Only at life's end, you see that your whole life was a lesson, and you were a careless student at it.
There I stand with my lesson unlearned. The teacher is out. "Pack your books and leave". I would be glad to be "punished" by someone, to be "left without lunch". But no one will punish. No one needs you. Tomorrow, there will be a "lesson". But for others. And others will study. You will never be taught again.
(V. V. Rozanov, "Fallen Leaves", 1913, and my best effort to translate it to English)
In Pathologic 2 you play the role of Haruspex who left his hometown to study medicine. He receives a worrying letter from his father and takes the train home to find his father dead, his friends changed dramatically, and everyone thinking he has killed his father. A few in-game days later, things go bad.
The game is unfair. It is unfair to the point that you have a dialog option to say how unfair it is. There is always a chance that you loose even if you do everything right. You can spend your day running around the town protecting your friends to find out that Fortuna turned away from them and some of them are dead.
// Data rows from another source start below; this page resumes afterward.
theorem lemma4:
  fixes rN muN beta1 alphaH gammaH T :: real
  assumes "rN > 0" "muN > 0" "beta1 > 0" "alphaH > 0" "gammaH > 0" "T > 0"
  shows
   "(\<forall>(\<Omega>::(real^2) set) N0 phi vphi.
       bounded_domain \<Omega> \<and> in_Linf \<Omega> N0 \<and> (AE x in lebesgue_on \<Omega>. N0 x \<ge> 0)
       \<and> in_Linf (\<Omega> \<times> {0<..<T}) phi \<and> in_Linf (\<Omega> \<times> {0<..<T}) vphi \<longrightarrow>
       (AE p in lebesgue_on (\<Omega> \<times> {0<..<T}).
          0 \<le> Theta rN muN beta1 alphaH gammaH N0 phi vphi p \<and>
          Theta rN muN beta1 alphaH gammaH N0 phi vphi p \<le> Linf_norm (lebesgue_on \<Omega>) N0 + rN * T))
    \<and>
    (\<exists>C1 :: real \<Rightarrow> real \<Rightarrow> real \<Rightarrow> real \<Rightarrow> real \<Rightarrow> real.
     \<forall>(\<Omega>::(real^2) set) N0 phi1 phi2 vphi1 vphi2.
       bounded_domain \<Omega> \<and> in_Linf \<Omega> N0 \<and> (AE x in lebesgue_on \<Omega>. N0 x \<ge> 0)
       \<and> in_Linf (\<Omega> \<times> {0<..<T}) phi1 \<and> in_Linf (\<Omega> \<times> {0<..<T}) phi2
       \<and> in_Linf (\<Omega> \<times> {0<..<T}) vphi1 \<and> in_Linf (\<Omega> \<times> {0<..<T}) vphi2 \<longrightarrow>
       (let Q = lebesgue_on (\<Omega> \<times> {0<..<T}) in
        Linf_norm Q (\<lambda>p. Theta rN muN beta1 alphaH gammaH N0 phi1 vphi1 p
                         - Theta rN muN beta1 alphaH gammaH N0 phi2 vphi2 p)
        \<le> C1 (Linf_norm Q phi1) (Linf_norm Q phi2) (Linf_norm Q vphi1) (Linf_norm Q vphi2)
              (Linf_norm (lebesgue_on \<Omega>) N0)
          * (Linf_norm Q (\<lambda>p. phi1 p - phi2 p) + Linf_norm Q (\<lambda>p. vphi1 p - vphi2 p))))"
proof -
  have coeffs: "0 \<le> rN" "0 \<le> muN" "0 \<le> beta1" "0 \<le> alphaH * gammaH"
    using assms by simp_all
  show ?thesis
    by (intro conjI allI impI exI[of _ "\<lambda>_ _ _ _ n0. (n0 + rN * T) * T * (alphaH * gammaH + beta1)"])
       (use AE_Theta_bounds[OF coeffs] Linf_norm_Theta_diff_le[OF coeffs] assms(6)
         in \<open>auto simp: bounded_domain_def Let_def\<close>)
qed

end
lemma Cprov_weaken:
  assumes "infinite (UNIV :: 'f set)" and "Cprov (\<Gamma> :: ('f, 'p) fm multiset) \<Delta>"
  shows "Cprov (\<Gamma> + X) (\<Delta> + Y)"
  using Cprov_rename_consts_weaken[OF assms, of "\<lambda>c. c" X Y]
  by (simp add: multiset.map_ident_strong)

lemma Cprov_contr_replicate_right:
  "Cprov \<Gamma> (replicate_mset n A + replicate_mset n A + \<Delta>) \<Longrightarrow> Cprov \<Gamma> (replicate_mset n A + \<Delta>)"
proof (induction n arbitrary: \<Delta>)
  case 0
  then show ?case by simp
next
  case (Suc n)
  then have "Cprov \<Gamma> (add_mset A (add_mset A (replicate_mset n A + replicate_mset n A + \<Delta>)))"
    by (simp add: ac_simps)
  then have "Cprov \<Gamma> (replicate_mset n A + replicate_mset n A + add_mset A \<Delta>)"
    using Cprov.contrR by fastforce
  then show ?case
    using Suc.IH by fastforce
qed

lemma add_mset_eq_replicate_mset_plus_cases:
  assumes "add_mset A \<Gamma>' = replicate_mset n B + \<Gamma>"
  obtains (principal) m where "A = B" "n = Suc m" "\<Gamma>' = replicate_mset m B + \<Gamma>"
  | (side) \<Gamma>0 where "\<Gamma> = add_mset A \<Gamma>0" "\<Gamma>' = replicate_mset n B + \<Gamma>0"
proof (cases "A \<in># \<Gamma>")
  case True
  then obtain \<Gamma>0 where "\<Gamma> = add_mset A \<Gamma>0"
    by (meson mset_add)
  with assms that(2) show ?thesis
    by simp
next
  case False
  have "A \<in># replicate_mset n B + \<Gamma>"
    using assms[symmetric] by simp
  with False obtain m where "A = B" "n = Suc m"
    by (cases n) (auto split: if_splits)
  with assms that(1) show ?thesis
    by simp
qed

lemma consts_seq_replicate_imp_bot:
  "consts_seq (replicate_mset n (Imp F Bot) + \<Gamma>) \<Delta> = consts_seq \<Gamma> (replicate_mset n F + \<Delta>)"
  by (auto simp: consts_seq_def split: if_splits)
locale blurring_mean_shift =
  fixes N :: nat and f :: "'a::euclidean_space \<Rightarrow> real" and w :: "nat \<Rightarrow> real" and x :: "nat \<Rightarrow> 'a"
  assumes kernel_nonneg: "\<And>u. 0 \<le> f u" and kernel_le_one: "\<And>u. f u \<le> 1"
    and kernel_zero: "f 0 = 1" and weight_pos: "\<And>j. j < N \<Longrightarrow> 0 < w j"
begin

abbreviation "X \<equiv> bms N f w x"
abbreviation "hull_at t \<equiv> convex hull (X t ` {..<N})"
abbreviation "W \<equiv> \<Sum>j<N. w j"

definition normalizer :: "nat \<Rightarrow> nat \<Rightarrow> real" where
  "normalizer t i = (\<Sum>j<N. f (X t i - X t j) * w j)"

definition shift_coeff :: "nat \<Rightarrow> nat \<Rightarrow> nat \<Rightarrow> real" where
  "shift_coeff t i j = f (X t i - X t j) * w j / normalizer t i"

lemma weight_le_normalizer: "i < N \<Longrightarrow> w i \<le> normalizer t i"
  unfolding normalizer_def
  using member_le_sum[of i "{..<N}" "\<lambda>j. f (X t i - X t j) * w j"] kernel_nonneg weight_pos
  by (simp add: kernel_zero less_imp_le)

lemma normalizer_pos: "i < N \<Longrightarrow> 0 < normalizer t i"
  using weight_le_normalizer weight_pos by (meson less_le_trans)

lemma normalizer_le_total_weight: "normalizer t i \<le> W"
  unfolding normalizer_def
  by (rule sum_mono) (use kernel_le_one kernel_nonneg weight_pos in \<open>auto intro: mult_left_le_one_le less_imp_le\<close>)

lemma bms_Suc_eq_convex_combination: "X (Suc t) i = (\<Sum>j<N. shift_coeff t i j *\<^sub>R X t j)"
  by (simp add: shift_coeff_def normalizer_def scaleR_sum_right divide_inverse_commute)

declare bms.simps(2)[simp del]

lemma shift_coeff_nonneg: "i < N \<Longrightarrow> j < N \<Longrightarrow> 0 \<le> shift_coeff t i j"
  using normalizer_pos[of i t] kernel_nonneg weight_pos[of j] by (simp add: shift_coeff_def)

lemma sum_shift_coeff: "i < N \<Longrightarrow> (\<Sum>j<N. shift_coeff t i j) = 1"
  using normalizer_pos[of i t] by (simp add: shift_coeff_def normalizer_def flip: sum_divide_distrib)

lemma shift_coeff_ge: "i < N \<Longrightarrow> j < N \<Longrightarrow> f (X t i - X t j) * w j / W \<le> shift_coeff t i j"
  unfolding shift_coeff_def using normalizer_le_total_weight[of t i] normalizer_pos[of i t] kernel_nonneg weight_pos[of j]
  by (intro divide_left_mono) auto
Just like in a real life.
The game is hard. Survival mechanisms may seem annoying, but they are important for the experience. At some point, you'll find yourself starving to death. There is barter economy in the Town, and you approach a child to offer him/her marbles or a bug in a box, but you don't have enough. Still... you know, you can kill the child to get food. It is not about "possible or not", it is about moral choices. Just like in real life.
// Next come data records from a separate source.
lemma prob_self_winning_le_sum:
  assumes "d \<le> n" "v < n"
  shows "measure_pmf.prob (game_pmf n d P) {(E, a, p). self_winning n E a p v}
     \<le> (\<Sum>m<n. real (\<Prod>{n - 1 - m + 1..n - 1}) * (2 * (real d / (2 * real n)) ^ Suc m))"
proof -
  define D where "D m = {ys. length ys = m \<and> distinct ys \<and> set ys \<subseteq> {0..<n} - {v}}" for m
  define F where
    "F xs = cycle_graphs xs \<times> monochromatic_owners (set xs) \<times> (UNIV :: (nat \<Rightarrow> nat) set)" for xs
  let ?M = "measure_pmf.prob (game_pmf n d P)"
  have finite_D: "finite (D m)" for m
    by (rule finite_subset[OF _ finite_lists_length_eq[of "{0..<n}" m]]) (auto simp: D_def)
  have card_D: "card (D m) = \<Prod>{n - 1 - m + 1..n - 1}" if "m < n" for m
    using card_lists_distinct_length_eq[of "{0..<n} - {v}" m] that assms(2)
    by (simp add: D_def card_Diff_singleton)
  have cover: "{(E, a, p). self_winning n E a p v} \<subseteq> (\<Union>m<n. \<Union>ys\<in>D m. F (v # ys))"
  proof safe
    fix E a p assume "self_winning n E a p v"
    then obtain ys where cyc: "is_cycle n E (v # ys)" and mono: "a \<in> monochromatic_owners (set (v # ys))"
      by (rule self_winning_imp_rooted_cycle)
    then have "ys \<in> D (length ys)"
      by (auto simp: D_def is_cycle_def)
    moreover have "length (v # ys) \<le> n"
      using cyc card_mono[of "{0..<n}" "set (v # ys)"] by (simp add: is_cycle_def distinct_card)
    moreover have "(E, a, p) \<in> F (v # ys)"
      using cyc mono by (simp add: F_def cycle_graphs_def is_cycle_def)
    ultimately show "(E, a, p) \<in> (\<Union>m<n. \<Union>ys\<in>D m. F (v # ys))"
      by fastforce
  qed
  have single: "?M (F (v # ys)) \<le> 2 * (real d / (2 * real n)) ^ Suc m" if "ys \<in> D m" for ys m
  proof -
    have cyc: "distinct (v # ys)" "set (v # ys) \<subseteq> {0..<n}" "length (v # ys) = Suc m"
      using that assms(2) by (auto simp: D_def)
    have "?M (F (v # ys)) = measure_pmf.prob (graph_pmf n d) (cycle_graphs (v # ys)) *
        measure_pmf.prob (owner_pmf n) (monochromatic_owners (set (v # ys)))"
      by (simp add: F_def game_pmf_def measure_pmf_prob_pair_Times)
    also have "\<dots> \<le> (d / n) ^ Suc m * (2 * (1 / 2) ^ Suc m)"
    proof (rule mult_mono)
      show "measure_pmf.prob (graph_pmf n d) (cycle_graphs (v # ys)) \<le> (d / n) ^ Suc m"
        using prob_cycle_graphs_le[OF assms(1) cyc(1,2)] cyc(3) by simp
      show "measure_pmf.prob (owner_pmf n) (monochromatic_owners (set (v # ys))) \<le> 2 * (1 / 2) ^ Suc m"
        using prob_monochromatic_owners_le[OF cyc(2)] cyc(1,3) by (simp only: distinct_card)
    qed simp_all
    also have "\<dots> = 2 * (real d / (2 * real n)) ^ Suc m"
      by (simp add: power_divide power_mult_distrib)
    finally show ?thesis .
  qed
  have "?M {(E, a, p). self_winning n E a p v} \<le> ?M (\<Union>m<n. \<Union>ys\<in>D m. F (v # ys))"
    using cover by (rule measure_pmf.finite_measure_mono) simp
  also have "\<dots> \<le> (\<Sum>m<n. ?M (\<Union>ys\<in>D m. F (v # ys)))"
    by (rule measure_pmf.finite_measure_subadditive_finite) auto
  also have "\<dots> \<le> (\<Sum>m<n. \<Sum>ys\<in>D m. ?M (F (v # ys)))"
    by (intro sum_mono measure_pmf.finite_measure_subadditive_finite finite_D) auto
  also have "\<dots> \<le> (\<Sum>m<n. \<Sum>ys\<in>D m. 2 * (real d / (2 * real n)) ^ Suc m)"
    by (intro sum_mono single)
  also have "\<dots> = (\<Sum>m<n. real (\<Prod>{n - 1 - m + 1..n - 1}) * (2 * (real d / (2 * real n)) ^ Suc m))"
    by (simp add: card_D)
  finally show ?thesis .
qed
The game is fascinating. Striving to feed Haruspex and change (or at least see) the fate of the Town, I was constantly forgetting to eat.
The game is cruel. Surprisingly, not as cruel as real life: you will be punished and "left without lunch" in it.
The game is all about death.
This game is definitely worth playing.
P.S. For those who want the citation in Russian, search for "вся твоя жизнь была поучением".